Invest in the process

I still buy music. Even though I’ve embraced the mp3 as much as the next guy, I’m old enough that buying music is still a habit. Plus, I have musician family members, and I don’t like to steal from them.

But most people don’t buy music anymore. Especially young people. A singer-songwriter I like recently wrote a blog post about coming to terms with this fact. He relies almost solely on ticket sales to his live shows.

Then, after viewing Amanda Palmer’s TedTalk on the Art of Asking and witnessing the wild success of the Veronica Mars Kickstarter campaign (more than 90,000 fans of the TV show invested nearly $6,000,000 for a movie version), this singer-songwriter made a pitch of his own.

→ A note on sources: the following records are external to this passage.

(* Let $\lambda>0$ and $\Delta\ge1$, and define $y_1=1$ and $y_k=(1+\lambda\Delta y_{k-1})^{-1}$ for $k\geq 2$. Then $\lim_{k\to \infty} y_k= \frac{2}{1+\sqrt{1+4\lambda\Delta}}$. Moreover, defining $\underline{h}(\epsilon,\Delta) = \sup\{h:\ |y_{h}-y_{h-1}|\geq \epsilon\}$, we have $$\lim_{\Delta\to \infty}\frac{1}{\sqrt{\Delta}}\lim_{\epsilon\to 0}\frac{\underline{h}(\epsilon,\Delta)}{\log(1/\epsilon)} = \sqrt{\lambda}.$$ *)

theory Defs
  imports Complex_Main
begin

text \<open>The sequence y_k (paper indexing, k \<ge> 1): y_1 = 1, y_k = 1/(1 + lam*D*y_(k-1)) for k \<ge> 2.
  The value at index 0 is an unused dummy (set to 1).\<close>
primrec yseq :: "real \<Rightarrow> real \<Rightarrow> nat \<Rightarrow> real" where
  "yseq lam D 0 = 1"
| "yseq lam D (Suc k) = (if k = 0 then 1 else inverse (1 + lam * D * yseq lam D k))"

text \<open>h_low(eps, D) = sup { h : |y_h - y_(h-1)| \<ge> eps }, with h ranging over indices h \<ge> 2
  (where both y_h and y_(h-1) are defined).\<close>
definition hlow :: "real \<Rightarrow> real \<Rightarrow> real \<Rightarrow> nat" where
  "hlow lam D eps = Sup {h::nat. h \<ge> 2 \<and> \<bar>yseq lam D h - yseq lam D (h - 1)\<bar> \<ge> eps}"

end

(*
  With a = lam * D the recursion is a continued fraction: y_k = P_k / P_(k+1) for the
  generalised Fibonacci numbers P_0 = 0, P_1 = 1, P_(n+2) = P_(n+1) + a P_n, which grow like
  r^n with r = (1 + sqrt (1 + 4a)) / 2 the dominant root of x^2 = x + a; hence y_k -> 1/r.
  Cassini's identity gives y_(k+1) - y_k = +-a^k / (P_(k+1) P_(k+2)), so the differences decay
  geometrically with ratio q = a / r^2 up to bounded factors, and the last index at which they
  exceed eps is ln (1/eps) / ln (1/q) + O(1). Finally sqrt a * ln (r^2 / a) -> 1 as a -> oo.
*)

theory Submission
  imports Defs "HOL-Real_Asymp.Real_Asymp"
begin

fun gfib :: "real \<Rightarrow> nat \<Rightarrow> real" where
  "gfib a 0 = 0"
| "gfib a (Suc 0) = 1"
| "gfib a (Suc (Suc n)) = gfib a (Suc n) + a * gfib a n"

lemma gfib_nonneg_and_Suc_ge_1:
  assumes "a \<ge> 0"
  shows "0 \<le> gfib a n \<and> 1 \<le> gfib a (Suc n)"
proof (induction n)
  case 0
  then show ?case by simp
next
  case (Suc n)
  then have "0 \<le> a * gfib a n" using assms by simp
  with Suc show ?case by simp
qed

lemma gfib_nonneg: "a \<ge> 0 \<Longrightarrow> 0 \<le> gfib a n"
  using gfib_nonneg_and_Suc_ge_1 by blast

lemma gfib_Suc_ge_1: "a \<ge> 0 \<Longrightarrow> 1 \<le> gfib a (Suc n)"
  using gfib_nonneg_and_Suc_ge_1 by blast

lemma gfib_cassini: "gfib a (Suc n)^2 - gfib a n * gfib a (Suc (Suc n)) = (-a)^n"
proof (induction n)
  case 0
  then show ?case by simp
next
  case (Suc n)
  have "gfib a (Suc (Suc n))^2 - gfib a (Suc n) * gfib a (Suc (Suc (Suc n)))
      = -a * (gfib a (Suc n)^2 - gfib a n * gfib a (Suc (Suc n)))"
    by (simp add: algebra_simps power2_eq_square)
  with Suc show ?case by simp
qed

lemma yseq_eq_gfib_ratio:
  assumes "lam * D \<ge> 0"
  shows "yseq lam D (Suc n) = gfib (lam * D) (Suc n) / gfib (lam * D) (Suc (Suc n))"
proof (induction n)
  case 0
  then show ?case by simp
next
  case (Suc n)
  define P1 P2 where "P1 = gfib (lam * D) (Suc n)" and "P2 = gfib (lam * D) (Suc (Suc n))"
  have "P1 \<ge> 1" "P2 \<ge> 1" unfolding P1_def P2_def using gfib_Suc_ge_1[OF assms] by blast+
  have "yseq lam D (Suc (Suc n)) = inverse (1 + lam * D * (P1 / P2))"
    using Suc by (simp add: P1_def P2_def)
  also have "\<dots> = P2 / (P2 + lam * D * P1)"
    using \<open>P1 \<ge> 1\<close> \<open>P2 \<ge> 1\<close> assms by (simp add: field_simps)
  finally show ?case by (simp add: P1_def P2_def)
qed

lemma yseq_diff_eq:
  assumes "lam * D \<ge> 0"
  shows "yseq lam D (Suc (Suc k)) - yseq lam D (Suc k)
    = (- (lam * D))^(Suc k) / (gfib (lam * D) (Suc (Suc k)) * gfib (lam * D) (Suc (Suc (Suc k))))"
proof -
  define P1 P2 P3 where "P1 = gfib (lam * D) (Suc k)" and "P2 = gfib (lam * D) (Suc (Suc k))"
    and "P3 = gfib (lam * D) (Suc (Suc (Suc k)))"
  have "P2 \<ge> 1" "P3 \<ge> 1" unfolding P2_def P3_def using gfib_Suc_ge_1[OF assms] by blast+
  have "yseq lam D (Suc (Suc k)) - yseq lam D (Suc k) = P2 / P3 - P1 / P2"
    by (simp only: yseq_eq_gfib_ratio[OF assms] P1_def P2_def P3_def)
  also have "\<dots> = (P2^2 - P1 * P3) / (P2 * P3)"
    using \<open>P2 \<ge> 1\<close> \<open>P3 \<ge> 1\<close> by (simp add: field_simps power2_eq_square)
  also have "P2^2 - P1 * P3 = (- (lam * D))^(Suc k)"
    unfolding P1_def P2_def P3_def by (rule gfib_cassini)
  finally show ?thesis by (simp add: P2_def P3_def)
qed

definition gfib_root :: "real \<Rightarrow> real" where
  "gfib_root a = (1 + sqrt (1 + 4 * a)) / 2"

lemma gfib_root_ge_1: "a \<ge> 0 \<Longrightarrow> gfib_root a \<ge> 1"
  by (simp add: gfib_root_def)

lemma gfib_root_sq:
  assumes "1 + 4 * a \<ge> 0"
  shows "gfib_root a * gfib_root a = gfib_root a + a"
  using assms by (simp add: gfib_root_def field_simps)

lemma gfib_root_conj_sq:
  assumes "1 + 4 * a \<ge> 0"
  shows "(1 - gfib_root a) * (1 - gfib_root a) = (1 - gfib_root a) + a"
  using gfib_root_sq[OF assms] by (simp add: algebra_simps)

lemma gfib_Suc_le_root_power:
  assumes "a \<ge> 0"
  shows "gfib a (Suc n) \<le> gfib_root a ^ n"
proof -
  let ?r = "gfib_root a"
  have "gfib a (Suc n) \<le> ?r ^ n \<and> gfib a (Suc (Suc n)) \<le> ?r ^ Suc n"
  proof (induction n)
    case 0
    then show ?case using gfib_root_ge_1[OF assms] by simp
  next
    case (Suc n)
    then have "gfib a (Suc (Suc (Suc n))) \<le> ?r ^ Suc n + a * ?r ^ n"
      using assms by (simp add: mult_left_mono add_mono)
    also have "\<dots> = ?r ^ n * (?r * ?r)"
      using gfib_root_sq assms by (simp add: algebra_simps)
    finally show ?case using Suc by (simp add: algebra_simps)
  qed
  then show ?thesis ..
qed

lemma root_power_le_gfib_Suc:
  assumes "a \<ge> 0"
  shows "gfib_root a ^ n \<le> gfib_root a * gfib a (Suc n)"
proof -
  let ?r = "gfib_root a"
  have "?r ^ n \<le> ?r * gfib a (Suc n) \<and> ?r ^ Suc n \<le> ?r * gfib a (Suc (Suc n))"
  proof (induction n)
    case 0
    then show ?case using gfib_root_ge_1[OF assms] by simp
  next
    case (Suc n)
    have "?r * ?r = ?r + a" using gfib_root_sq assms by simp
    then have "?r ^ Suc (Suc n) = ?r ^ Suc n + a * ?r ^ n"
      by (metis distrib_left mult.assoc mult.commute power_Suc)
    also have "\<dots> \<le> ?r * gfib a (Suc (Suc n)) + a * (?r * gfib a (Suc n))"
      using Suc assms by (simp add: mult_left_mono add_mono)
    also have "\<dots> = ?r * gfib a (Suc (Suc (Suc n)))"
      by (simp add: algebra_simps)
    finally show ?case using Suc by blast
  qed
  then show ?thesis ..
qed

lemma gfib_binet:
  assumes "1 + 4 * a > 0"
  shows "gfib a n = (gfib_root a ^ n - (1 - gfib_root a) ^ n) / sqrt (1 + 4 * a)"
proof -
  define r s where "r = gfib_root a" and "s = sqrt (1 + 4 * a)"
  have "s > 0" using assms by (simp add: s_def)
  have s_eq: "s = r - (1 - r)" by (simp add: r_def s_def gfib_root_def)
  have r_sq: "r * r = r + a" and r'_sq: "(1 - r) * (1 - r) = (1 - r) + a"
    using gfib_root_sq gfib_root_conj_sq assms by (simp_all add: r_def)
  have "s * gfib a n = r ^ n - (1 - r) ^ n \<and> s * gfib a (Suc n) = r ^ Suc n - (1 - r) ^ Suc n"
  proof (induction n)
    case 0
    then show ?case using s_eq by simp
  next
    case (Suc n)
    have "s * gfib a (Suc (Suc n)) = s * gfib a (Suc n) + a * (s * gfib a n)"
      by (simp add: algebra_simps)
    also have "\<dots> = (r ^ Suc n - (1 - r) ^ Suc n) + a * (r ^ n - (1 - r) ^ n)"
      using Suc.IH by simp
    also have "\<dots> = r ^ n * (r + a) - (1 - r) ^ n * ((1 - r) + a)"
      by (simp add: algebra_simps)
    also have "\<dots> = r ^ n * (r * r) - (1 - r) ^ n * ((1 - r) * (1 - r))"
      unfolding r_sq r'_sq ..
    also have "\<dots> = r ^ Suc (Suc n) - (1 - r) ^ Suc (Suc n)"
      by (simp add: algebra_simps)
    finally show ?case using Suc by blast
  qed
  then show ?thesis using \<open>s > 0\<close> by (simp add: r_def s_def field_simps)
qed

lemma gfib_over_root_power_tendsto:
  assumes "a > 0"
  shows "(\<lambda>n. gfib a n / gfib_root a ^ n) \<longlonglongrightarrow> 1 / sqrt (1 + 4 * a)"
proof -
  define r s where "r = gfib_root a" and "s = sqrt (1 + 4 * a)"
  have "s > 1" using assms by (simp add: s_def)
  then have "r > 1" "\<bar>1 - r\<bar> < r" by (simp_all add: r_def s_def gfib_root_def)
  have "gfib a n / r ^ n = (1 - ((1 - r) / r) ^ n) / s" for n
  proof -
    have "r ^ n \<noteq> 0" "s \<noteq> 0" using \<open>r > 1\<close> \<open>s > 1\<close> by auto
    then have "((r ^ n - x) / s) / r ^ n = (1 - x / r ^ n) / s" for x
      by (simp add: field_simps)
    then have "((r ^ n - (1 - r) ^ n) / s) / r ^ n = (1 - ((1 - r) / r) ^ n) / s"
      by (simp add: power_divide)
    then show ?thesis using gfib_binet[of a n] assms by (simp add: r_def s_def)
  qed
  moreover have "(\<lambda>n. (1 - ((1 - r) / r) ^ n) / s) \<longlonglongrightarrow> (1 - 0) / s"
    using \<open>r > 1\<close> \<open>\<bar>1 - r\<bar> < r\<close> \<open>s > 1\<close>
    by (intro tendsto_intros LIMSEQ_power_zero) (auto simp: abs_divide)
  ultimately show ?thesis by (simp add: r_def s_def)
qed

lemma yseq_tendsto:
  assumes "lam * D > 0"
  shows "yseq lam D \<longlonglongrightarrow> 2 / (1 + sqrt (1 + 4 * lam * D))"
proof -
  define a r c where "a = lam * D" and "r = gfib_root (lam * D)" and "c = 1 / sqrt (1 + 4 * a)"
  define u where "u n = gfib a n / r ^ n" for n
  have "r > 0" using gfib_root_ge_1[of a] assms by (simp add: a_def r_def)
  have "c \<noteq> 0" using assms by (simp add: a_def c_def)
  have "yseq lam D (Suc n) = u (Suc n) / u (Suc (Suc n)) / r" for n
  proof -
    have "r ^ Suc n \<noteq> 0" using \<open>r > 0\<close> by simp
    then have "u (Suc n) / u (Suc (Suc n)) / r = gfib a (Suc n) / gfib a (Suc (Suc n))"
      by (simp add: u_def)
    then show ?thesis using yseq_eq_gfib_ratio[of lam D n] assms by (simp add: a_def)
  qed
  moreover have "u \<longlonglongrightarrow> c"
    unfolding u_def[abs_def] c_def r_def a_def using assms by (rule gfib_over_root_power_tendsto)
  then have "(\<lambda>n. u (Suc n) / u (Suc (Suc n)) / r) \<longlonglongrightarrow> c / c / r"
    using \<open>c \<noteq> 0\<close> \<open>r > 0\<close>
    by (intro tendsto_divide LIMSEQ_Suc[of u] LIMSEQ_Suc[of "\<lambda>n. u (Suc n)"] tendsto_const) auto
  ultimately have "(\<lambda>n. yseq lam D (Suc n)) \<longlonglongrightarrow> 1 / r"
    using \<open>c \<noteq> 0\<close> by simp
  then have "yseq lam D \<longlonglongrightarrow> 1 / r"
    by (rule LIMSEQ_imp_Suc)
  then show ?thesis by (simp add: r_def gfib_root_def mult.assoc)
qed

With the loss of revenue from album sales, it was getting harder and harder for him to return to the studio. If people wanted new music, they’d need to help him.

It turned out that his fans loved being a part of something two-directional. Rather than a simple transaction (he makes music; they buy/don’t buy music), he let them own a part of the creative process. He raised the money he needed for his project nearly overnight. And he posted a video of his obvious genuine emotion and surprise at the outpouring of support.

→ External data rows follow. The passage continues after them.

lemma ext_pow_eq_span_sorted_wedges:
  fixes b :: "nat \<Rightarrow> nat \<Rightarrow> 'k::field"
  assumes span: "fs.span (b ` {..<d}) = fs.span W" and inj: "inj_on b {..<d}"
  shows "ext_pow n j W = fs.span ((\<lambda>T. wedge n (map b (sorted_list_of_set T))) `
           {T. T \<subseteq> {..<d} \<and> card T = j})"
    (is "_ = fs.span (?w ` ?Ts)")
proof
  show "ext_pow n j W \<subseteq> fs.span (?w ` ?Ts)"
    unfolding ext_pow_def fspan_eq_fs_span
  proof (rule fs.span_minimal[OF _ fs.subspace_span], rule subsetI)
    fix y assume "y \<in> {wedge n vs | vs. length vs = j \<and> set vs \<subseteq> W}"
    then obtain vs where vs: "length vs = j" "set vs \<subseteq> W" and y: "y = wedge n vs" by blast
    then have "set vs \<subseteq> fs.span (b ` {..<d})" using fs.span_superset[of W] unfolding span by blast
    then have "wedge n vs \<in> fs.span {wedge n ws | ws. length ws = length vs \<and> set ws \<subseteq> b ` {..<d}}"
      by (rule wedge_in_span_wedges)
    also have "\<dots> \<subseteq> fs.span (?w ` ?Ts)"
    proof (rule fs.span_minimal[OF _ fs.subspace_span], clarify)
      fix ws :: "(nat \<Rightarrow> 'k) list" assume "length ws = length vs" "set ws \<subseteq> b ` {..<d}"
      then show "wedge n ws \<in> fs.span (?w ` ?Ts)"
        using wedge_in_span_sorted_wedges[OF inj, of ws n] vs(1) by simp
    qed
    finally show "y \<in> fs.span (?w ` ?Ts)" unfolding y .
  qed
  show "fs.span (?w ` ?Ts) \<subseteq> ext_pow n j W"
    unfolding ext_pow_def fspan_eq_fs_span
  proof (rule fs.span_minimal[OF _ fs.subspace_span], rule subsetI)
    fix y assume "y \<in> ?w ` ?Ts"
    then obtain T where T: "T \<subseteq> {..<d}" "card T = j" and y: "y = ?w T" by blast
    have fin: "finite T" using finite_subset[OF T(1)] by simp
    have "b ` {..<d} \<subseteq> fs.span W" using fs.span_superset[of "b ` {..<d}"] unfolding span .
    then have "set (map b (sorted_list_of_set T)) \<subseteq> fs.span W" using T(1) fin by auto
    then have "?w T \<in> fs.span {wedge n vs | vs.
        length vs = length (map b (sorted_list_of_set T)) \<and> set vs \<subseteq> W}"
      by (rule wedge_in_span_wedges)
    then show "y \<in> fs.span {wedge n vs | vs. length vs = j \<and> set vs \<subseteq> W}"
      using T(2) fin y by simp
  qed
qed

lemma ext_pow_basis:
  fixes W :: "(nat \<Rightarrow> 'k::field) set"
  assumes "W \<subseteq> Vn n"
  obtains B where "finite B" "fs.independent B" "ext_pow n j W = fs.span B"
    and "card B = fs.dim W choose j"
proof -
  obtain B0 where B0: "B0 \<subseteq> W" "fs.independent B0" "W \<subseteq> fs.span B0"
    by (rule fs.maximal_independent_subset)
  have B0_Vn: "B0 \<subseteq> Vn n" using B0(1) assms by blast
  obtain F :: "(nat \<Rightarrow> 'k) set" where "finite F" "Vn n \<subseteq> fs.span F"
    using fin_dim_Vn unfolding fin_dim_def by blast
  moreover have "B0 \<subseteq> fs.span F" using B0_Vn \<open>Vn n \<subseteq> fs.span F\<close> by (rule order_trans)
  ultimately have "finite B0" using fs.independent_span_bound[OF _ B0(2)] by simp
  then obtain d b p where bp: "reduced_pivots d b p" "\<forall>c<d. p c < n" "fs.span (b ` {..<d}) = fs.span B0"
    using reduced_pivots_exist[OF _ B0_Vn] by blast
  have "fs.span B0 = fs.span W"
    using B0(1,3) fs.span_superset[of W] unfolding fs.span_eq by blast
  then have span: "fs.span (b ` {..<d}) = fs.span W" using bp(3) by simp
  have inj: "inj_on b {..<d}" by (rule reduced_pivots_inj(2)[OF bp(1)])
  have "fs.dim W = d"
    using fs.dim_span_eq_card_independent[OF reduced_pivots_independent[OF bp(1)]]
      card_image[OF inj] fs.dim_span[of W] span by simp
  then show ?thesis
    using that[OF _ independent_sorted_wedges[OF bp(1,2)] ext_pow_eq_span_sorted_wedges[OF span inj]]
      card_image[OF inj_on_sorted_wedges[OF bp(1,2)]] n_subsets[of "{..<d}" j]
    by simp
qed

lemma fin_dim_ext_pow: "W \<subseteq> Vn n \<Longrightarrow> fin_dim (ext_pow n j W)"
  unfolding fin_dim_def by (rule ext_pow_basis) auto

lemma dim_ext_pow: "W \<subseteq> Vn n \<Longrightarrow> fs.dim (ext_pow n j W) = fs.dim W choose j"
  by (rule ext_pow_basis[of W n j]) (simp_all add: fs.dim_eq_card_independent)

section \<open>Chains and the Moebius function\<close>

lemma sorted_wrt_psubset_distinct: "sorted_wrt (\<subset>) xs \<Longrightarrow> distinct xs"
  by (induction xs) auto

lemma finite_chains: "finite P \<Longrightarrow> finite (chains P m)"
  unfolding chains_def
  by (rule finite_subset[OF _ finite_lists_length_eq[of P "Suc m"]]) auto

lemma chains_empty:
  assumes "finite P" "card P \<le> m"
  shows "chains P m = {}"
proof -
  have "card (set \<sigma>) = Suc m" "card (set \<sigma>) \<le> card P" if "\<sigma> \<in> chains P m" for \<sigma>
  proof -
    from that have "length \<sigma> = Suc m" "set \<sigma> \<subseteq> P" "sorted_wrt (\<subset>) \<sigma>"
      unfolding chains_def by auto
    then show "card (set \<sigma>) = Suc m" "card (set \<sigma>) \<le> card P"
      using distinct_card[OF sorted_wrt_psubset_distinct[of \<sigma>]] card_mono[OF assms(1), of "set \<sigma>"]
      by auto
  qed
  then show ?thesis using assms(2) by fastforce
qed

lemma hd_chains: "\<sigma> \<in> chains P m \<Longrightarrow> hd \<sigma> \<in> P"
  unfolding chains_def by (cases \<sigma>) auto

definition chains_from :: "'a set set \<Rightarrow> nat \<Rightarrow> 'a set \<Rightarrow> 'a set list set" where
  "chains_from P m y = {\<sigma> \<in> chains P m. hd \<sigma> = y}"

definition alt_chain_count :: "'a set set \<Rightarrow> 'a set \<Rightarrow> int" where
  "alt_chain_count P y = (\<Sum>m\<le>card P. (-1) ^ m * int (card (chains_from P m y)))"

lemma chains_from_0: "y \<in> P \<Longrightarrow> chains_from P 0 y = {[y]}"
  unfolding chains_from_def chains_def by (auto simp: length_Suc_conv)

lemma chains_from_Suc:
  assumes "y \<in> P"
  shows "chains_from P (Suc m) y = (\<lambda>\<tau>. y # \<tau>) ` (\<Union>z\<in>{z \<in> P. y \<subset> z}. chains_from P m z)"
proof (intro equalityI subsetI)
  fix \<sigma> assume \<sigma>: "\<sigma> \<in> chains_from P (Suc m) y"
  then have "length \<sigma> = Suc (Suc m)" "hd \<sigma> = y" unfolding chains_from_def chains_def by auto
  then obtain z \<tau> where eq: "\<sigma> = y # z # \<tau>" by (auto simp: length_Suc_conv)
  with \<sigma> show "\<sigma> \<in> (\<lambda>\<tau>. y # \<tau>) ` (\<Union>z\<in>{z \<in> P. y \<subset> z}. chains_from P m z)"
    unfolding chains_from_def chains_def by (intro image_eqI[of _ _ "z # \<tau>"] UN_I[of z]) auto
next
  fix \<sigma> assume "\<sigma> \<in> (\<lambda>\<tau>. y # \<tau>) ` (\<Union>z\<in>{z \<in> P. y \<subset> z}. chains_from P m z)"
  then obtain z \<tau>' where "y \<subset> z" "\<tau>' \<in> chains P m" "hd \<tau>' = z" "\<sigma> = y # \<tau>'"
    unfolding chains_from_def by blast
  moreover obtain \<tau> where "\<tau>' = z # \<tau>"
    using \<open>\<tau>' \<in> chains P m\<close> \<open>hd \<tau>' = z\<close> unfolding chains_def by (cases \<tau>') auto
  ultimately have \<sigma>: "\<sigma> = y # z # \<tau>" "y \<subset> z" "z # \<tau> \<in> chains P m" by auto
  then have "\<forall>x \<in> set (z # \<tau>). y \<subset> x" unfolding chains_def by auto
  with \<sigma> assms show "\<sigma> \<in> chains_from P (Suc m) y" unfolding chains_from_def chains_def by auto
qed

lemma card_chains_from_Suc:
  assumes "finite P" "y \<in> P"
  shows "card (chains_from P (Suc m) y) = (\<Sum>z\<in>{z \<in> P. y \<subset> z}. card (chains_from P m z))"
  unfolding chains_from_Suc[OF assms(2)]
  using assms(1) finite_chains[OF assms(1)]
  by (subst card_image) (auto simp: chains_from_def intro!: card_UN_disjoint)

lemma card_chains_from_0: "y \<in> P \<Longrightarrow> card (chains_from P 0 y) = 1"
  by (simp add: chains_from_0)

This is probably why your most ardent donors give to your organization. They love being a part of the important work you do. It’s not just that you change lives; it’s how you change lives.

We see this in the way some of our clients work with us, as well. Some come to us just wanting a perfect logo (or other final product). Like me, they’re still buying the music. And there’s certainly nothing wrong with that.

Others invest in our process. They become valuable partners in the creation of their new identity. They bring a content expert’s point-of-view to their new messaging. They help us find unexpected opportunities in an awareness campaign. They go through the ups and downs of the creative process with us. We sometimes defer to their expertise; they sometimes defer to ours. We push each other and challenge each other. We occasionally get frustrated. We often find joy in the collaboration. We experience setbacks and successes, and we go through them all together.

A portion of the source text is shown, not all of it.